Bloom the jelly
Pour the Chicken Stock into a small saucepan and warm it over medium heat until it is steaming hot but not vigorously boiling. Sprinkle the Powdered Gelatin evenly over the hot stock, then whisk until the gelatin is fully dissolved and the liquid looks completely smooth with no granules left.
Chill until firm
Pour the gelatin-stock mixture into a shallow container so it cools and sets faster. Cover it and refrigerate until completely firm, about 2 hours.
Cube the jelly
Turn the set jelly out onto a board if that is easiest, or cut it right in the container. Slice it into small, bite-sized cubes, then return the cubes to the refrigerator to stay cold while you prepare the filling.
Prep the aromatics
Trim and finely slice the Green Onion, keeping a little of the green part aside for garnish if you like. Peel and finely grate the Ginger (grated). Measure out the Soy Sauce, Sesame Oil, Sugar, and a small pinch of Salt (pinch), and set the Chili Oil nearby for serving later.
Mix the filling
Place the Ground Chicken in a medium mixing bowl. Add most of the sliced green onion, the grated ginger, soy sauce, sesame oil, sugar, and the pinch of salt.
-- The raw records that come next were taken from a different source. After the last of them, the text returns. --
text \<open>Moving a candidate \<open>i\<close> to \<open>t\<close> gives it an explicit score: the length of the Voronoi cell
  of \<open>t\<close>, shared equally with the candidates already at \<open>t\<close>, minus \<open>c\<close> times the mass of voters
  beyond the midpoint of the two extreme positions when \<open>t\<close> is extreme. A lone extreme
  candidate gains by moving halfway towards its neighbour, so in a non-convergent equilibrium
  both extreme positions are shared; with four or five candidates this leaves the splits 2-2,
  3-2 and 2-1-2. Moving into a gap, and approaching a shared extreme position from outside,
  give linear inequalities; imposed at both ends (via the reflection \<open>y \<mapsto> 1 - y\<close>) they rule
  out 3-2 and determine the positions. Conversely, for these profiles every deviation lands
  outside the extremes, on an occupied position or inside a gap, and each case is bounded by
  the current score.\<close>

section \<open>Scores as integrals\<close>

abbreviation count_at :: "nat \<Rightarrow> (nat \<Rightarrow> real) \<Rightarrow> real \<Rightarrow> nat" where
  "count_at m x v \<equiv> card {j. j < m \<and> x j = v}"

lemma integral_reflect_unit_interval:
  fixes f :: "real \<Rightarrow> real"
  shows "integral {0..1} (\<lambda>y. f (1 - y)) = integral {0..1} f"
proof -
  have "integral {0..1} (\<lambda>y. f (1 - y)) = integral {0..1} ((\<lambda>z. f (-z)) \<circ> ((+) (-1)))"
    by (simp add: o_def)
  also have "\<dots> = integral {-1..0} (\<lambda>z. f (-z))"
    by (subst integral_shift_Icc_real) simp
  also have "\<dots> = integral {0..1} f"
    using Henstock_Kurzweil_Integration.integral_reflect_real[where a=0 and b=1 and f=f] by simp
  finally show ?thesis .
qed

lemma first_share_nearest:
  assumes "i < m" and nearest: "\<forall>j<m. x j \<noteq> x i \<longrightarrow> \<bar>x i - y\<bar> < \<bar>x j - y\<bar>"
  shows "first_share m x i y = 1 / count_at m x (x i)"
proof -
  have "Min ((\<lambda>j. \<bar>x j - y\<bar>) ` {..<m}) = \<bar>x i - y\<bar>"
    using assms by (subst Min_eq_iff) (auto simp: less_imp_le)
  moreover have "{j. j < m \<and> \<bar>x j - y\<bar> = \<bar>x i - y\<bar>} = {j. j < m \<and> x j = x i}"
    using nearest by force
  ultimately show ?thesis
    using \<open>i < m\<close> by (simp add: first_share_def)
qed

lemma first_share_not_nearest:
  assumes "j < m" and "\<bar>x j - y\<bar> < \<bar>x i - y\<bar>"
  shows "first_share m x i y = 0"
proof -
  have "Min ((\<lambda>j. \<bar>x j - y\<bar>) ` {..<m}) \<le> \<bar>x j - y\<bar>"
    using assms by (intro Min_le) auto
  then have "\<bar>x i - y\<bar> \<noteq> Min ((\<lambda>j. \<bar>x j - y\<bar>) ` {..<m})"
    using assms by linarith
  then show ?thesis by (simp add: first_share_def Let_def)
qed

lemma last_share_farthest:
  assumes "i < m" and farthest: "\<forall>j<m. x j \<noteq> x i \<longrightarrow> \<bar>x j - y\<bar> < \<bar>x i - y\<bar>"
  shows "last_share m x i y = 1 / count_at m x (x i)"
proof -
  have "Max ((\<lambda>j. \<bar>x j - y\<bar>) ` {..<m}) = \<bar>x i - y\<bar>"
    using assms by (subst Max_eq_iff) (auto simp: less_imp_le)
  moreover have "{j. j < m \<and> \<bar>x j - y\<bar> = \<bar>x i - y\<bar>} = {j. j < m \<and> x j = x i}"
    using farthest by force
  ultimately show ?thesis
    using \<open>i < m\<close> by (simp add: last_share_def)
qed

lemma last_share_not_farthest:
  assumes "j < m" and "\<bar>x i - y\<bar> < \<bar>x j - y\<bar>"
  shows "last_share m x i y = 0"
proof -
  have "\<bar>x j - y\<bar> \<le> Max ((\<lambda>j. \<bar>x j - y\<bar>) ` {..<m})"
    using assms by (intro Max_ge) auto
  then have "\<bar>x i - y\<bar> \<noteq> Max ((\<lambda>j. \<bar>x j - y\<bar>) ` {..<m})"
    using assms by linarith
  then show ?thesis by (simp add: last_share_def Let_def)
qed

lemma has_integral_interval_step:
  fixes L R v :: real
  assumes "0 \<le> L" "L \<le> R" "R \<le> 1"
  shows "((\<lambda>y. if y \<in> {L..R} then v else 0) has_integral (R - L) * v) {0..1}"
proof -
  have "((\<lambda>y. v) has_integral (R - L) * v) {L..R}"
    using has_integral_const_real[of v L R] assms by simp
  then have "((\<lambda>y. if y \<in> cbox L R then v else 0) has_integral (R - L) * v) (cbox 0 1)"
    by (intro has_integral_restrict_closed_subinterval) (use assms in auto)
  then show ?thesis by simp
qed

text \<open>The voters ranking candidate \<open>i\<close> first form the Voronoi cell \<open>[L, R]\<close> of its position:
  \<open>L\<close> is the midpoint to the nearest position on the left (or \<open>0\<close> if there is none), and
  symmetrically for \<open>R\<close>.\<close>

lemma has_integral_first_share:
  assumes i: "i < m" and "0 \<le> L" "L \<le> x i" "x i \<le> R" "R \<le> 1"
    and left: "\<forall>j<m. x j < x i \<longrightarrow> x i + x j \<le> 2 * L"
    and left_attained: "L = 0 \<or> (\<exists>j<m. x j < x i \<and> x i + x j = 2 * L)"
    and right: "\<forall>j<m. x i < x j \<longrightarrow> 2 * R \<le> x i + x j"
    and right_attained: "R = 1 \<or> (\<exists>j<m. x i < x j \<and> x i + x j = 2 * R)"
  shows "(first_share m x i has_integral (R - L) / count_at m x (x i)) {0..1}"
proof -
  let ?n = "real (count_at m x (x i))"
  have step: "((\<lambda>y. if y \<in> {L..R} then 1 / ?n else 0) has_integral (R - L) / ?n) {0..1}"
    using has_integral_interval_step[of L R "1 / ?n"] assms by simp
  show ?thesis
  proof (rule has_integral_spike_finite[OF _ _ step])
    fix y assume y: "y \<in> {0..1} - {L, R}"
    show "first_share m x i y = (if y \<in> {L..R} then 1 / ?n else 0)"
    proof (cases "L < y \<and> y < R")
      case True
      have "\<bar>x i - y\<bar> < \<bar>x j - y\<bar>" if "j < m" "x j \<noteq> x i" for j
        using that left right True by (cases "x j < x i") (fastforce simp: abs_if)+
      then show ?thesis using True i by (simp add: first_share_nearest)
    next
      case False
      then have "y < L \<or> R < y" using y by auto
      then obtain j where "j < m" "\<bar>x j - y\<bar> < \<bar>x i - y\<bar>"
        using left_attained right_attained y by (smt (verit, best) atLeastAtMost_iff DiffE)
      then show ?thesis using False y by (auto simp: first_share_not_nearest)
    qed
  qed simp
qed

text \<open>Voters left of the midpoint of the extreme positions \<open>A < B\<close> rank the candidates at \<open>B\<close>
  last, those right of it the candidates at \<open>A\<close>.\<close>

definition last_place_mass :: "real \<Rightarrow> real \<Rightarrow> real \<Rightarrow> real" where
  "last_place_mass A B t = (if t = A then 1 - (A + B) / 2 else if t = B then (A + B) / 2 else 0)"

lemma last_share_left_of_midpoint:
  assumes i: "i < m" and range: "\<forall>j<m. A \<le> x j \<and> x j \<le> B" and jB: "jB < m" "x jB = B"
    and "A < B" and y: "2 * y < A + B"
  shows "last_share m x i y = (if x i = B then 1 / count_at m x B else 0)"
proof -
  have farther: "\<bar>x j - y\<bar> < \<bar>B - y\<bar>" if "j < m" "x j \<noteq> B" for j
    using range that y by (force simp: abs_if)
  show ?thesis
  proof (cases "x i = B")
    case True
    then show ?thesis using farther i by (simp add: last_share_farthest)
  next
    case False
    then show ?thesis using farther[OF i] jB by (simp add: last_share_not_farthest)
  qed
qed

lemma last_share_reflect:
  "last_share m (\<lambda>j. 1 - x j) i (1 - y) = last_share m x i y"
proof -
  have "\<bar>(1 - x j) - (1 - y)\<bar> = \<bar>x j - y\<bar>" for j by (simp add: abs_minus_commute)
  then show ?thesis unfolding last_share_def by presburger
qed

lemma last_share_right_of_midpoint:
  assumes i: "i < m" and range: "\<forall>j<m. A \<le> x j \<and> x j \<le> B" and jA: "jA < m" "x jA = A"
    and "A < B" and y: "A + B < 2 * y"
  shows "last_share m x i y = (if x i = A then 1 / count_at m x A else 0)"
proof -
  have "last_share m (\<lambda>j. 1 - x j) i (1 - y) =
      (if 1 - x i = 1 - A then 1 / count_at m (\<lambda>j. 1 - x j) (1 - A) else 0)"
    by (rule last_share_left_of_midpoint[OF i _ jA(1), where A="1 - B"]) (use assms in auto)
  then show ?thesis by (simp add: last_share_reflect)
qed

lemma has_integral_last_share:
  assumes i: "i < m" and range: "\<forall>j<m. A \<le> x j \<and> x j \<le> B"
    and A: "\<exists>j<m. x j = A" and B: "\<exists>j<m. x j = B" and "A < B" "0 \<le> A" "B \<le> 1"
  shows "(last_share m x i has_integral last_place_mass A B (x i) / count_at m x (x i)) {0..1}"
proof -
  obtain jA jB where jA: "jA < m" "x jA = A" and jB: "jB < m" "x jB = B"
    using A B by blast
  define M where "M = (A + B) / 2"
  define \<alpha> where "\<alpha> = (if x i = A then 1 / real (count_at m x A) else 0)"
  define \<beta> where "\<beta> = (if x i = B then 1 / real (count_at m x B) else 0)"
  have mass: "last_place_mass A B (x i) = (if x i = A then 1 - M else if x i = B then M else 0)"
    by (simp add: last_place_mass_def M_def)
  have step: "((\<lambda>y. (if y \<in> {0..M} then \<beta> else 0) + (if y \<in> {M..1} then \<alpha> else 0))
      has_integral (M - 0) * \<beta> + (1 - M) * \<alpha>) {0..1}"
    by (intro has_integral_add has_integral_interval_step) (use assms in \<open>auto simp: M_def\<close>)
  have "(M - 0) * \<beta> + (1 - M) * \<alpha> = last_place_mass A B (x i) / count_at m x (x i)"
    using \<open>A < B\<close> by (simp add: mass \<alpha>_def \<beta>_def)
  moreover have "(last_share m x i has_integral (M - 0) * \<beta> + (1 - M) * \<alpha>) {0..1}"
  proof (rule has_integral_spike_finite[OF _ _ step])
    fix y assume "y \<in> {0..1} - {M}"
    then show "last_share m x i y =
        (if y \<in> {0..M} then \<beta> else 0) + (if y \<in> {M..1} then \<alpha> else 0)"
      using last_share_left_of_midpoint[OF i range jB \<open>A < B\<close>, of y]
        last_share_right_of_midpoint[OF i range jA \<open>A < B\<close>, of y]
      by (auto simp: M_def \<alpha>_def \<beta>_def)
  qed simp
  ultimately show ?thesis by simp
qed

lemma bw_score_eq:
  assumes i: "i < m" and "0 \<le> L" "L \<le> x i" "x i \<le> R" "R \<le> 1"
    and "\<forall>v\<in>x ` {..<m}. v < x i \<longrightarrow> x i + v \<le> 2 * L"
    and "L = 0 \<or> (\<exists>v\<in>x ` {..<m}. v < x i \<and> x i + v = 2 * L)"
    and "\<forall>v\<in>x ` {..<m}. x i < v \<longrightarrow> 2 * R \<le> x i + v"
    and "R = 1 \<or> (\<exists>v\<in>x ` {..<m}. x i < v \<and> x i + v = 2 * R)"
    and "\<forall>v\<in>x ` {..<m}. A \<le> v \<and> v \<le> B" "A \<in> x ` {..<m}" "B \<in> x ` {..<m}"
    and "A < B" "0 \<le> A" "B \<le> 1"
  shows "bw_score c m x i = (R - L - c * last_place_mass A B (x i)) / count_at m x (x i)"
proof -
  have "((\<lambda>y. first_share m x i y - c * last_share m x i y) has_integral
      (R - L) / count_at m x (x i) - c * (last_place_mass A B (x i) / count_at m x (x i))) {0..1}"
    by (intro has_integral_diff has_integral_mult_right has_integral_first_share[OF i]
        has_integral_last_share[OF i]) (use assms in auto)
  then show ?thesis
    unfolding bw_score_def by (simp add: integral_unique diff_divide_distrib)
qed

section \<open>Unilateral deviations\<close>

abbreviation rivals_at :: "nat \<Rightarrow> (nat \<Rightarrow> real) \<Rightarrow> nat \<Rightarrow> real \<Rightarrow> nat" where
  "rivals_at m x i v \<equiv> card {j. j < m \<and> j \<noteq> i \<and> x j = v}"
Mix vigorously with a spoon or your hand for 2 to 3 minutes, until the chicken mixture looks sticky, cohesive, and slightly tacky rather than loose.
Fold in jelly
Add the chilled jelly cubes to the seasoned chicken mixture and gently fold them in just until evenly distributed. Work carefully so the cubes stay distinct and do not mash into the meat.
Prepare wrappers and pan
Separate the Dumpling Wrappers and keep them covered with a lightly damp towel so they do not dry out. If they seem thick, roll them a little thinner so they will layer and steam more delicately. Line a large flat frying pan or skillet with 2 to 3 layers of parchment paper, leaving enough overhang to lift the finished lasagna out later, then lightly oil the top sheet so the wrappers will not stick.
Layer the lasagna
Lay a single layer of dumpling wrappers across the bottom of the lined pan, overlapping them slightly to make one continuous sheet. Spread a thin, even layer of the chicken filling over the wrappers. Continue alternating wrapper layers and filling layers until everything is used, finishing with a final layer of wrappers on top. Press down gently to compact the layers and smooth the surface so it cooks evenly.
Steam gently
Cover the assembled lasagna with another sheet of parchment or the pan lid, then add enough water to the pan around the parchment-lined lasagna to come about 1 to 1.5 cm up the sides. Keep the water level below the food itself. Set the pan over medium heat and bring the water to a gentle boil; once you see steady steam, lower the heat to medium-low and steam for 15 minutes, keeping the simmer gentle so the parchment stays in place and the layers cook evenly.
Rest and serve
Turn off the heat and let the lasagna rest, covered, for 5 minutes so the filling settles and finishes cooking gently. Lift it out carefully using the parchment overhang, let it stand for about a minute, then slice into portions. Serve warm with chili oil drizzled over the top and the reserved green onion scattered on for a fresh finish.